Due to the fact that I rarely use media devices while riding, I wasn’t too concerned with that aspect of the NuViz, but it does make following SatNav instructions and viewing your speed (and the speed limits of areas that you’re riding through) a breeze, and I’d be more than willing to take this (which uses maps that are downloaded to the device free of charge) instead of a SatNav on my next adventure.
Tru-Tension Big Boy Bundle
£94.94 | www.tru-tension.co.uk
As anyone who has one will know, one of the downsides of owning a chain-driven motorcycle is the need to maintain it. While there are those amongst us who enjoy tinkering with their machine, for some it’s just a hassle that you don’t get with a shaft drive. But that hassle is made a hell of a lot easier with the Tru-Tension Big Boy Bundle.
Retailing at £94.94, the Big Boy bundle includes a Chain Monkey (more on that in a second), BananaSlip Chain Lube or Wax (depending on your preference), PrimeShine Chain Cleaner, PrimeShine Bodywork Foam Cleaner, a Muck Monkey and a Wheel Monkey. The quality of all of these products is superb, and they get the job done to an excellent standard each time.
The Chain Monkey is a brilliant little bit of kit that allows you to easily and almost effortlessly adjust your chain tension perfectly every time, thanks to its great design and easy-to-understand instructions, while the Wheel Monkey and Muck Monkey make cleaning your chain an absolute doddle. For anyone with a chain-driven motorcycle, this is well worth checking out.
Lindstrands Ziggy Jacket
£149 | www.jofama.se
Lindstrands has some of the best looking casual motorcycle apparel on the market, and I’ve been almost inseparable from my Raggy Fleece this past winter. As we head into warmer temperatures (hopefully), I’m excited to start using my newly acquired Ziggy Jacket. This lightweight textile jacket has all of the style of casual streetwear with the added functionality of armour insert pockets and vents.

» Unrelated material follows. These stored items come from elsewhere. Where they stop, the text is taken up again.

(* Let $\nu$ be a probability measure on $\mathbb R$ not supported on a single point, and let $\mathcal I\subseteq\mathbb R$ be an open interval such that $Y(\theta)=\int e^{\theta x}\nu(dx)<\infty$ for all $\theta\in\mathcal I$. For $\theta\in\mathcal I$ let $\nu^\theta(dx)=Y(\theta)^{-1}e^{\theta x}\nu(dx)$, let $\varrho(\theta)=\int x\,\nu^\theta(dx)$, which maps $\mathcal I$ continuously and strictly increasingly onto an open interval $\mathcal J$, and let $\theta(\varrho)$ be its inverse. Let $\psi$ be a measurable function on $\mathbb R$ with $\int|\psi|d\nu^\theta<\infty$ for all $\theta\in\mathcal I$, and define $\Psi(\varrho)=\int\psi\,d\nu^{\theta(\varrho)}$ for $\varrho\in\mathcal J$ (an infinitely differentiable function). If $\psi$ is convex on $\mathbb R$, then $\Psi$ is convex on $\mathcal J$. If moreover there is no affine function $g(x)=ax+b$ with $\psi=g$ $\nu$-a.e., then $\Psi''(\varrho)>0$ for all $\varrho\in\mathcal J$, and in particular $\Psi$ is strictly convex on $\mathcal J$. *)

theory Defs
  imports "HOL-Probability.Probability"
begin

definition tilt_Y :: "real measure \<Rightarrow> real \<Rightarrow> real" where
  "tilt_Y \<nu> \<theta> = (\<integral>x. exp (\<theta> * x) \<partial>\<nu>)"

definition tilt :: "real measure \<Rightarrow> real \<Rightarrow> real measure" where
  "tilt \<nu> \<theta> = density \<nu> (\<lambda>x. ennreal (exp (\<theta> * x) / tilt_Y \<nu> \<theta>))"

definition tilt_mean :: "real measure \<Rightarrow> real \<Rightarrow> real" where
  "tilt_mean \<nu> \<theta> = (\<integral>x. x \<partial>(tilt \<nu> \<theta>))"

definition tilt_Psi :: "real measure \<Rightarrow> real set \<Rightarrow> (real \<Rightarrow> real) \<Rightarrow> real \<Rightarrow> real" where
  "tilt_Psi \<nu> I \<psi> r = (\<integral>x. \<psi> x \<partial>(tilt \<nu> (the_inv_into I (tilt_mean \<nu>) r)))"

definition strictly_convex_on :: "real set \<Rightarrow> (real \<Rightarrow> real) \<Rightarrow> bool" where
  "strictly_convex_on S f \<longleftrightarrow>
     (\<forall>x\<in>S. \<forall>y\<in>S. \<forall>t. x \<noteq> y \<and> 0 < t \<and> t < 1 \<longrightarrow>
        f ((1 - t) * x + t * y) < (1 - t) * f x + t * f y)"

end

(*
  Write m_k(\<theta>) and p_k(\<theta>) for the moments of x^k and x^k \<psi>(x) under \<nu>^\<theta>.
  Differentiating under the integral gives m_k' = m_(k+1) - m_k m_1 and likewise for p_k,
  so \<rho>' = Var_\<theta>(x) > 0, and the inverse function rule yields
  \<Psi>'(\<rho>) = Cov_\<theta>(x, \<psi>) / Var_\<theta>(x), the slope of the least-squares regression of
  \<psi> on x under \<nu>^\<theta>. Differentiating once more, \<Psi>''(\<rho>) Var_\<theta>(x)^2 = E_\<theta>[x^2 \<phi>],
  where \<phi> is \<psi> minus its regression line, so that \<phi> is orthogonal to 1 and x.
  For convex \<phi> the set {\<phi> < 0} is an interval; hence there is a quadratic q with
  nonnegative leading coefficient c such that \<phi> q \<ge> 0, strictly where \<phi> < 0.
  Orthogonality turns E_\<theta>[\<phi> q] into c E_\<theta>[x^2 \<phi>], which is therefore nonnegative,
  and positive unless \<phi> = 0 a.e., that is, unless \<psi> is a.e. affine.
*)

theory Submission
  imports Defs
begin

section \<open>Convexity and inverse functions on the real line\<close>

lemma strict_mono_on_if_deriv_pos:
  fixes \<rho> :: "real \<Rightarrow> real" and I :: "real set"
  assumes "is_interval I"
    and "\<And>t. t \<in> I \<Longrightarrow> (\<rho> has_real_derivative \<rho>' t) (at t)" "\<And>t. t \<in> I \<Longrightarrow> \<rho>' t > 0"
  shows "strict_mono_on I \<rho>"
proof (rule strict_mono_onI)
  fix a b assume "a \<in> I" "b \<in> I" "a < b"
  show "\<rho> a < \<rho> b"
  proof (rule DERIV_pos_imp_increasing[OF \<open>a < b\<close>])
    fix t assume "a \<le> t" "t \<le> b"
    then have "t \<in> I" using assms(1) \<open>a \<in> I\<close> \<open>b \<in> I\<close> unfolding is_interval_1 by blast
    then show "\<exists>y. (\<rho> has_real_derivative y) (at t) \<and> 0 < y" using assms(2,3) by blast
  qed
qed

lemma strictly_convex_on_if_deriv2_pos:
  fixes f :: "real \<Rightarrow> real"
  assumes C: "convex C"
    and f': "\<And>x. x \<in> C \<Longrightarrow> (f has_real_derivative f' x) (at x)"
    and f'': "\<And>x. x \<in> C \<Longrightarrow> (f' has_real_derivative f'' x) (at x)"
    and pos: "\<And>x. x \<in> C \<Longrightarrow> f'' x > 0"
  shows "strictly_convex_on C f"
proof -
  have seg: "{a..b} \<subseteq> C" if "a \<in> C" "b \<in> C" "a < b" for a b
    using atMostAtLeast_subset_convex[OF C that] .
  have "strict_mono_on C f'"
    using C f'' pos by (intro strict_mono_on_if_deriv_pos) (auto simp: is_interval_convex_1)
  have chord: "f ((1 - t) * x + t * y) < (1 - t) * f x + t * f y"
    if xy: "x \<in> C" "y \<in> C" "x < y" and t: "0 < t" "t < 1" for x y t :: real
  proof -
    define z where "z = (1 - t) * x + t * y"
    have zx: "z - x = t * (y - x)" and yz: "y - z = (1 - t) * (y - x)"
      by (simp_all add: z_def algebra_simps)
    have "x < z" "z < y" using zx yz t xy by (metis diff_gt_0_iff_gt mult_pos_pos)+
    then have zC: "z \<in> C" using seg[OF xy] by auto
    obtain a where a: "x < a" "a < z" "f z - f x = (z - x) * f' a"
      using MVT2[OF \<open>x < z\<close>] seg[OF xy(1) zC \<open>x < z\<close>] f' by (meson atLeastAtMost_iff subsetD)
    obtain b where b: "z < b" "b < y" "f y - f z = (y - z) * f' b"
      using MVT2[OF \<open>z < y\<close>] seg[OF zC xy(2) \<open>z < y\<close>] f' by (meson atLeastAtMost_iff subsetD)
    have "a \<in> C" "b \<in> C"
      using seg[OF xy] a(1,2) b(1,2) \<open>x < z\<close> \<open>z < y\<close> by (auto simp: subset_iff)
    then have "f' a < f' b"
      using \<open>strict_mono_on C f'\<close> a(2) b(1) by (simp add: strict_mono_on_def)
    have "(1 - t) * f x + t * f y - f z = t * (1 - t) * (y - x) * (f' b - f' a)"
      using a(3) b(3) unfolding zx yz by algebra
    also have "\<dots> > 0" using t xy \<open>f' a < f' b\<close> by simp
    finally show ?thesis unfolding z_def by simp
  qed
  show ?thesis unfolding strictly_convex_on_def
  proof (intro ballI allI impI)
    fix x y t :: real assume "x \<in> C" "y \<in> C" "x \<noteq> y \<and> 0 < t \<and> t < 1"
    then show "f ((1 - t) * x + t * y) < (1 - t) * f x + t * f y"
      using chord[of x y t] chord[of y x "1 - t"] by (cases "x < y") (auto simp: algebra_simps)
  qed
qed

While I’m yet to give it a ‘proper’ run out, as it’s been blummin’ freezing recently, I’ve had a few short rideouts in it and it has all the makings of a great summer-weight motorcycle jacket that’ll also be ideal for adventurous forays along the UK’s green lanes.
It’s windproof and shower resistant and the huge, mesh backed vents on the chest will help cool you down when you’re working hard off-road. Plus, the hood is removable for when you’re wearing it in the saddle. It’s also a great jacket to wear when you’re popping into town as it still offers an element of protection while looking stylish off the bike.